*** Begin section ***

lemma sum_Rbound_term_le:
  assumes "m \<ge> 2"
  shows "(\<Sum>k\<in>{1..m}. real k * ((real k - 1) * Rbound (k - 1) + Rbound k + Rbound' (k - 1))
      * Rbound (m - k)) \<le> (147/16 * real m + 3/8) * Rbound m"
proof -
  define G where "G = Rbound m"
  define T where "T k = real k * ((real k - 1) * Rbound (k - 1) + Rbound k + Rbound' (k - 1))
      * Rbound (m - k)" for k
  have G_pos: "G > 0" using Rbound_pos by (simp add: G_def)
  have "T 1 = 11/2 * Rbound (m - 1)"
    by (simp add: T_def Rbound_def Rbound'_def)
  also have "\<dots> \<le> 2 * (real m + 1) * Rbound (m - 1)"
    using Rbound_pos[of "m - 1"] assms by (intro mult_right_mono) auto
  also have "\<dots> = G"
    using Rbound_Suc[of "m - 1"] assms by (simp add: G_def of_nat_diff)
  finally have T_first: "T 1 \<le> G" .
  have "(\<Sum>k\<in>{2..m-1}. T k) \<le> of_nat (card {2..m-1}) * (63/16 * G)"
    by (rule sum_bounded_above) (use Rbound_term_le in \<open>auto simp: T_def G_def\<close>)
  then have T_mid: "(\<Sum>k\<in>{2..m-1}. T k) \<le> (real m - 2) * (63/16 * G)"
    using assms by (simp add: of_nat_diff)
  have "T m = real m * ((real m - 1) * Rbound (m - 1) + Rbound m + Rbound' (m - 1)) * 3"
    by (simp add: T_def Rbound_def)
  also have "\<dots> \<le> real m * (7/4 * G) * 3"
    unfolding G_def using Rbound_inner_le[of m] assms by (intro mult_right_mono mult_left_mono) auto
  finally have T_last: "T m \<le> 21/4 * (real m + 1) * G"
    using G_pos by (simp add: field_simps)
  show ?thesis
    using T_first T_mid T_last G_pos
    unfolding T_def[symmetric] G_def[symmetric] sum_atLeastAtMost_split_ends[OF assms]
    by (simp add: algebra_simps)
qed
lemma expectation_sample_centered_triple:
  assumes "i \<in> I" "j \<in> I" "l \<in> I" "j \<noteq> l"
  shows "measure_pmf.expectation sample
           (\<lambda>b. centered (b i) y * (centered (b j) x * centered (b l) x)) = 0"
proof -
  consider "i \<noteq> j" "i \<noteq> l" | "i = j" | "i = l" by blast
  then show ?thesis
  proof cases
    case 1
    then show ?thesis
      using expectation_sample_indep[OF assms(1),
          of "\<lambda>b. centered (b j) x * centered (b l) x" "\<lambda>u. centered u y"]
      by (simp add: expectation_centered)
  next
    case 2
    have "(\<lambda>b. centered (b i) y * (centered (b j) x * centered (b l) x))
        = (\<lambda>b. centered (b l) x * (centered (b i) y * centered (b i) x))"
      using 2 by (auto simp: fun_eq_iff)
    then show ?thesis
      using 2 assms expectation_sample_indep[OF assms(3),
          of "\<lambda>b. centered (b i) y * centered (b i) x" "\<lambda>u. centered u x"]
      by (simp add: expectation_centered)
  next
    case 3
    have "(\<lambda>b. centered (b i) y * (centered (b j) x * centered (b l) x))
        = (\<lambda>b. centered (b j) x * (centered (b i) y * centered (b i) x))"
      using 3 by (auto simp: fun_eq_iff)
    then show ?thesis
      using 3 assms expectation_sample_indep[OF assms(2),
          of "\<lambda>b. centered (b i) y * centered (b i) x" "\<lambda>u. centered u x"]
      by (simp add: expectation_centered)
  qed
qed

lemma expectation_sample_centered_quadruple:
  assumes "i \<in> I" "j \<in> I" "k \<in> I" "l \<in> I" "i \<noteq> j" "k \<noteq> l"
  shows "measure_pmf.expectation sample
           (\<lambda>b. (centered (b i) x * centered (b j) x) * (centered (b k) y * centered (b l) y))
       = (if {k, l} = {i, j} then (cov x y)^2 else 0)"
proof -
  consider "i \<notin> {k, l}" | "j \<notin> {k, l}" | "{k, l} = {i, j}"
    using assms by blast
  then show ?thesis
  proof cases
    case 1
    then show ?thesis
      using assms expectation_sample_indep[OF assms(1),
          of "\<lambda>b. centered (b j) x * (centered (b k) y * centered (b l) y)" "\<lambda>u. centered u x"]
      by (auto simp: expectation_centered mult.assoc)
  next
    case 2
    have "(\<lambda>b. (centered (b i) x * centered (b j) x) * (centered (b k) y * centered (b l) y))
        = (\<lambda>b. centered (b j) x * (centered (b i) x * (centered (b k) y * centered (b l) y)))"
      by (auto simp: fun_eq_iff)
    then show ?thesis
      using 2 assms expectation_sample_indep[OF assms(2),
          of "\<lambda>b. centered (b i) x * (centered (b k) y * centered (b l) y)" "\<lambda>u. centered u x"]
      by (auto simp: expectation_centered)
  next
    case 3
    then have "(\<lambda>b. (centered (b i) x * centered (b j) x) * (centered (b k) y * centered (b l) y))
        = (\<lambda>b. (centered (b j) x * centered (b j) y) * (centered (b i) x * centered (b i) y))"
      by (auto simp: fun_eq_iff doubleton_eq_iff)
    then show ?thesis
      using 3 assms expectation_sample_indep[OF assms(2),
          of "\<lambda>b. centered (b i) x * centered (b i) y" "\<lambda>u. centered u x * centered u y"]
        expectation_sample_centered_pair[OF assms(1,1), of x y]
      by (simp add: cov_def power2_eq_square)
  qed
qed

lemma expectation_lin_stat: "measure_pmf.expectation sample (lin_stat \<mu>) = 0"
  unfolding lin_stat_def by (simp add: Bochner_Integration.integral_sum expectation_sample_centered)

*** End section ***

* Your objective *
Could the entries above be output once more, exactly as they are?

* Written solution *
lemma sum_Rbound_term_le:
  assumes "m \<ge> 2"
  shows "(\<Sum>k\<in>{1..m}. real k * ((real k - 1) * Rbound (k - 1) + Rbound k + Rbound' (k - 1))
      * Rbound (m - k)) \<le> (147/16 * real m + 3/8) * Rbound m"
proof -
  define G where "G = Rbound m"
  define T where "T k = real k * ((real k - 1) * Rbound (k - 1) + Rbound k + Rbound' (k - 1))
      * Rbound (m - k)" for k
  have G_pos: "G > 0" using Rbound_pos by (simp add: G_def)
  have "T 1 = 11/2 * Rbound (m - 1)"
    by (simp add: T_def Rbound_def Rbound'_def)
  also have "\<dots> \<le> 2 * (real m + 1) * Rbound (m - 1)"
    using Rbound_pos[of "m - 1"] assms by (intro mult_right_mono) auto
  also have "\<dots> = G"
    using Rbound_Suc[of "m - 1"] assms by (simp add: G_def of_nat_diff)
  finally have T_first: "T 1 \<le> G" .
  have "(\<Sum>k\<in>{2..m-1}. T k) \<le> of_nat (card {2..m-1}) * (63/16 * G)"
    by (rule sum_bounded_above) (use Rbound_term_le in \<open>auto simp: T_def G_def\<close>)
  then have T_mid: "(\<Sum>k\<in>{2..m-1}. T k) \<le> (real m - 2) * (63/16 * G)"
    using assms by (simp add: of_nat_diff)
  have "T m = real m * ((real m - 1) * Rbound (m - 1) + Rbound m + Rbound' (m - 1)) * 3"
    by (simp add: T_def Rbound_def)
  also have "\<dots> \<le> real m * (7/4 * G) * 3"
    unfolding G_def using Rbound_inner_le[of m] assms by (intro mult_right_mono mult_left_mono) auto
  finally have T_last: "T m \<le> 21/4 * (real m + 1) * G"
    using G_pos by (simp add: field_simps)
  show ?thesis
    using T_first T_mid T_last G_pos
    unfolding T_def[symmetric] G_def[symmetric] sum_atLeastAtMost_split_ends[OF assms]
    by (simp add: algebra_simps)
qed
lemma expectation_sample_centered_triple:
  assumes "i \<in> I" "j \<in> I" "l \<in> I" "j \<noteq> l"
  shows "measure_pmf.expectation sample
           (\<lambda>b. centered (b i) y * (centered (b j) x * centered (b l) x)) = 0"
proof -
  consider "i \<noteq> j" "i \<noteq> l" | "i = j" | "i = l" by blast
  then show ?thesis
  proof cases
    case 1
    then show ?thesis
      using expectation_sample_indep[OF assms(1),
          of "\<lambda>b. centered (b j) x * centered (b l) x" "\<lambda>u. centered u y"]
      by (simp add: expectation_centered)
  next
    case 2
    have "(\<lambda>b. centered (b i) y * (centered (b j) x * centered (b l) x))
        = (\<lambda>b. centered (b l) x * (centered (b i) y * centered (b i) x))"
      using 2 by (auto simp: fun_eq_iff)
    then show ?thesis
      using 2 assms expectation_sample_indep[OF assms(3),
          of "\<lambda>b. centered (b i) y * centered (b i) x" "\<lambda>u. centered u x"]
      by (simp add: expectation_centered)
  next
    case 3
    have "(\<lambda>b. centered (b i) y * (centered (b j) x * centered (b l) x))
        = (\<lambda>b. centered (b j) x * (centered (b i) y * centered (b i) x))"
      using 3 by (auto simp: fun_eq_iff)
    then show ?thesis
      using 3 assms expectation_sample_indep[OF assms(2),
          of "\<lambda>b. centered (b i) y * centered (b i) x" "\<lambda>u. centered u x"]
      by (simp add: expectation_centered)
  qed
qed

lemma expectation_sample_centered_quadruple:
  assumes "i \<in> I" "j \<in> I" "k \<in> I" "l \<in> I" "i \<noteq> j" "k \<noteq> l"
  shows "measure_pmf.expectation sample
           (\<lambda>b. (centered (b i) x * centered (b j) x) * (centered (b k) y * centered (b l) y))
       = (if {k, l} = {i, j} then (cov x y)^2 else 0)"
proof -
  consider "i \<notin> {k, l}" | "j \<notin> {k, l}" | "{k, l} = {i, j}"
    using assms by blast
  then show ?thesis
  proof cases
    case 1
    then show ?thesis
      using assms expectation_sample_indep[OF assms(1),
          of "\<lambda>b. centered (b j) x * (centered (b k) y * centered (b l) y)" "\<lambda>u. centered u x"]
      by (auto simp: expectation_centered mult.assoc)
  next
    case 2
    have "(\<lambda>b. (centered (b i) x * centered (b j) x) * (centered (b k) y * centered (b l) y))
        = (\<lambda>b. centered (b j) x * (centered (b i) x * (centered (b k) y * centered (b l) y)))"
      by (auto simp: fun_eq_iff)
    then show ?thesis
      using 2 assms expectation_sample_indep[OF assms(2),
          of "\<lambda>b. centered (b i) x * (centered (b k) y * centered (b l) y)" "\<lambda>u. centered u x"]
      by (auto simp: expectation_centered)
  next
    case 3
    then have "(\<lambda>b. (centered (b i) x * centered (b j) x) * (centered (b k) y * centered (b l) y))
        = (\<lambda>b. (centered (b j) x * centered (b j) y) * (centered (b i) x * centered (b i) y))"
      by (auto simp: fun_eq_iff doubleton_eq_iff)
    then show ?thesis
      using 3 assms expectation_sample_indep[OF assms(2),
          of "\<lambda>b. centered (b i) x * centered (b i) y" "\<lambda>u. centered u x * centered u y"]
        expectation_sample_centered_pair[OF assms(1,1), of x y]
      by (simp add: cov_def power2_eq_square)
  qed
qed

lemma expectation_lin_stat: "measure_pmf.expectation sample (lin_stat \<mu>) = 0"
  unfolding lin_stat_def by (simp add: Bochner_Integration.integral_sum expectation_sample_centered)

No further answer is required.